Stretch’s design is somewhat of a departure from the humanoid and quadrupedal robots that Boston Dynamics is best known for, such as Atlas and Spot. With its single massive arm, a gripper packed with sensors and an array of suction cups, and an omnidirectional mobile base, Stretch can transfer boxes that weigh as much as 50 pounds (23 kilograms) from the back of a truck to a conveyor belt at a rate of 800 boxes per hour. An experienced human worker can move boxes at a similar rate, but not all day long, whereas Stretch can go for 16 hours before recharging. And this kind of work is punishing on the human body, especially when heavy boxes have to be moved from near a trailer’s ceiling or floor.

“Truck unloading is one of the hardest jobs in a warehouse, and that's one of the reasons we're starting there with Stretch,” says Kevin Blankespoor, senior vice president of warehouse robotics at Boston Dynamics. Blankespoor explains that Stretch isn’t meant to replace people entirely; the idea is that multiple Stretch robots could make a human worker an order of magnitude more efficient. “Typically, you’ll have two people unloading each truck. Where we want to get with Stretch is to have one person unloading four or five trucks at the same time, using Stretches as tools.”

All Stretch needs is to be shown the back of a trailer packed with boxes, and it’ll autonomously go to work, placing each box on a conveyor belt one by one until the trailer is empty. People are still there to make sure that everything goes smoothly, and they can step in if Stretch runs into something that it can’t handle, but their full-time job becomes robot supervision instead of lifting heavy boxes all day.

“No one wants to do receiving.” —Matt Beane, UCSB

Achieving this level of reliable autonomy with Stretch has taken Boston Dynamics years of work, building on decades of experience developing robots that are strong, fast, and agile.

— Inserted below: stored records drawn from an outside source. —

text \<open>Minimum distance; the zero code has minimum distance infinity.\<close>
definition mindist :: "nat \<Rightarrow> (nat \<Rightarrow> 'a::field) set \<Rightarrow> enat" where
  "mindist n X = (INF x \<in> X - {\<lambda>_. 0}. enat (weight n x))"

text \<open>Puncturing X_J: keep coordinates in J (others set to 0); F_q^{|J|} is
  identified with functions vanishing outside J.\<close>
definition punct :: "nat set \<Rightarrow> (nat \<Rightarrow> 'a::field) set \<Rightarrow> (nat \<Rightarrow> 'a) set" where
  "punct J X = (\<lambda>x. \<lambda>j. if j \<in> J then x j else 0) ` X"

definition dual_on :: "nat set \<Rightarrow> (nat \<Rightarrow> 'a::field) set \<Rightarrow> (nat \<Rightarrow> 'a) set" where
  "dual_on J X = {x. (\<forall>j. j \<notin> J \<longrightarrow> x j = 0) \<and> (\<forall>y\<in>X. (\<Sum>j\<in>J. x j * y j) = 0)}"

definition Wsp :: "nat \<Rightarrow> (nat \<Rightarrow> 'a::field) set \<Rightarrow> (nat \<Rightarrow> 'a) set \<Rightarrow> nat \<Rightarrow> (nat \<Rightarrow> 'a) set" where
  "Wsp n C B i = dual n (starset n (dual n B) (cpow n C (i - 1)))"
(* Let $A,B\in\mathcal M_n$ be accretive with $W(A),W(B)\subset S_\alpha$ for some $0\le\alpha<\pi/2$, let $\Phi:\mathcal M_n\to\mathcal M_r$ be a positive linear map with $\Phi(\mathcal I)$ positive definite (so that $\Phi(A),\Phi(B)$ are accretive), and let $f\in\mathfrak m$. Then $$\Re\,\Phi(A\sigma_fB)\le\sec^2(\alpha)\,\Re\big(\Phi(A)\,\sigma_f\,\Phi(B)\big).$$
   Context: A matrix $A$ is accretive if $\Re A=\frac{A+A^*}{2}$ is positive definite. $W(A)$ is the numerical range, $S_\alpha=\{z:\Re z>0,\ |\Im z|\le\tan(\alpha)\Re z\}$. $\le$ is the Löwner order. A linear map $\Phi$ is positive if it maps positive semidefinite matrices to positive semidefinite matrices. $\mathfrak m$ is the set of matrix monotone $f:(0,\infty)\to(0,\infty)$ with $f(1)=1$; each has a unique probability measure $\nu_f$ on $[0,1]$ with $f(x)=\int_0^1((1-t)+tx^{-1})^{-1}d\nu_f(t)$, $x>0$. For accretive $A,B$: $A!_tB=((1-t)A^{-1}+tB^{-1})^{-1}$ and $A\sigma_fB:=\int_0^1A!_tB\,d\nu_f(t)$. *)

theory Defs
  imports "HOL-Analysis.Analysis" "HOL-Probability.Probability"
begin

type_synonym 'n cmat = "complex^'n^'n"

definition cadj :: "complex^'n^'m \<Rightarrow> complex^'m^'n" where
  "cadj A = (\<chi> i j. cnj (A $ j $ i))"

definition cscale :: "complex \<Rightarrow> complex^'n^'m \<Rightarrow> complex^'n^'m" where
  "cscale c A = (\<chi> i j. c * A $ i $ j)"

definition qform :: "'n::finite cmat \<Rightarrow> complex^'n \<Rightarrow> complex" where
  "qform A x = (\<Sum>i\<in>UNIV. cnj (x $ i) * (A *v x) $ i)"

definition cnorm2 :: "complex^'n \<Rightarrow> real" where
  "cnorm2 x = (\<Sum>i\<in>UNIV. (cmod (x $ i))^2)"

definition ReM :: "'n::finite cmat \<Rightarrow> 'n cmat" where
  "ReM A = (1/2::real) *\<^sub>R (A + cadj A)"

definition hermitian :: "'n::finite cmat \<Rightarrow> bool" where
  "hermitian A \<longleftrightarrow> cadj A = A"

definition psd :: "'n::finite cmat \<Rightarrow> bool" where
  "psd A \<longleftrightarrow> hermitian A \<and> (\<forall>x. Re (qform A x) \<ge> 0)"

definition posdef :: "'n::finite cmat \<Rightarrow> bool" where
  "posdef A \<longleftrightarrow> hermitian A \<and> (\<forall>x. x \<noteq> 0 \<longrightarrow> Re (qform A x) > 0)"

definition loewner_le :: "'n::finite cmat \<Rightarrow> 'n cmat \<Rightarrow> bool" where
  "loewner_le A B \<longleftrightarrow> psd (B - A)"

definition accretive :: "'n::finite cmat \<Rightarrow> bool" where
  "accretive A \<longleftrightarrow> posdef (ReM A)"

definition numrange :: "'n::finite cmat \<Rightarrow> complex set" where
  "numrange A = {qform A x | x. cnorm2 x = 1}"

definition sector :: "real \<Rightarrow> complex set" where
  "sector \<alpha> = {z. Re z > 0 \<and> \<bar>Im z\<bar> \<le> tan \<alpha> * Re z}"

definition positive_linear_map :: "('n::finite cmat \<Rightarrow> 'r::finite cmat) \<Rightarrow> bool" where
  "positive_linear_map \<Phi> \<longleftrightarrow>
     (\<forall>A B. \<Phi> (A + B) = \<Phi> A + \<Phi> B) \<and>
     (\<forall>c A. \<Phi> (cscale c A) = cscale c (\<Phi> A)) \<and>
     (\<forall>A. psd A \<longrightarrow> psd (\<Phi> A))"

definition hmean :: "'n::finite cmat \<Rightarrow> real \<Rightarrow> 'n cmat \<Rightarrow> 'n cmat" where
  "hmean A t B = matrix_inv ((1 - t) *\<^sub>R matrix_inv A + t *\<^sub>R matrix_inv B)"

text \<open>A sigma_f B = integral over [0,1] of A !_t B d nu_f(t) (Bochner integral).\<close>
definition opmean :: "real measure \<Rightarrow> 'n::finite cmat \<Rightarrow> 'n cmat \<Rightarrow> 'n cmat" where
  "opmean \<nu> A B = (\<integral>t. hmean A t B \<partial>\<nu>)"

Besides the challenge of building a high-performance robotic arm, the company also had to solve some problems that people find trivial but are difficult for robots, like looking at a wall of closely packed brown boxes and being able to tell where one stops and another begins.

Safety is also a focus, says Blankespoor, explaining that Stretch follows the standards for mobile industrial robots set by the American National Standards Institute and the Robotics Industry Association. That the robot operates inside a truck or trailer also helps to keep Stretch safely isolated from people working nearby, and at least for now, the trailer opening is fenced off while the robot is inside.

Stretch is optimized for moving boxes, a task that’s required throughout a warehouse. Boston Dynamics hopes that over the longer term the robot will be flexible enough to put its box-moving expertise to use wherever it’s needed. In addition to unloading trucks, Stretch has the potential to unload boxes from pallets, put boxes on shelves, build orders out of multiple boxes from different places in a warehouse, and ultimately load boxes onto trucks, a much more difficult problem than unloading due to the planning and precision required.

“Where we want to get with Stretch is to have one person unloading four or five trucks at the same time.” —Kevin Blankespoor, Boston Dynamics

In the short term, unloading a trailer (part of a warehouse job called “receiving”) is the best place for a robot like Stretch, agrees Matt Beane, who studies work involving robotics and AI at the University of California, Santa Barbara. “No one wants to do receiving,” he says. “It’s dangerous, tiring, and monotonous.”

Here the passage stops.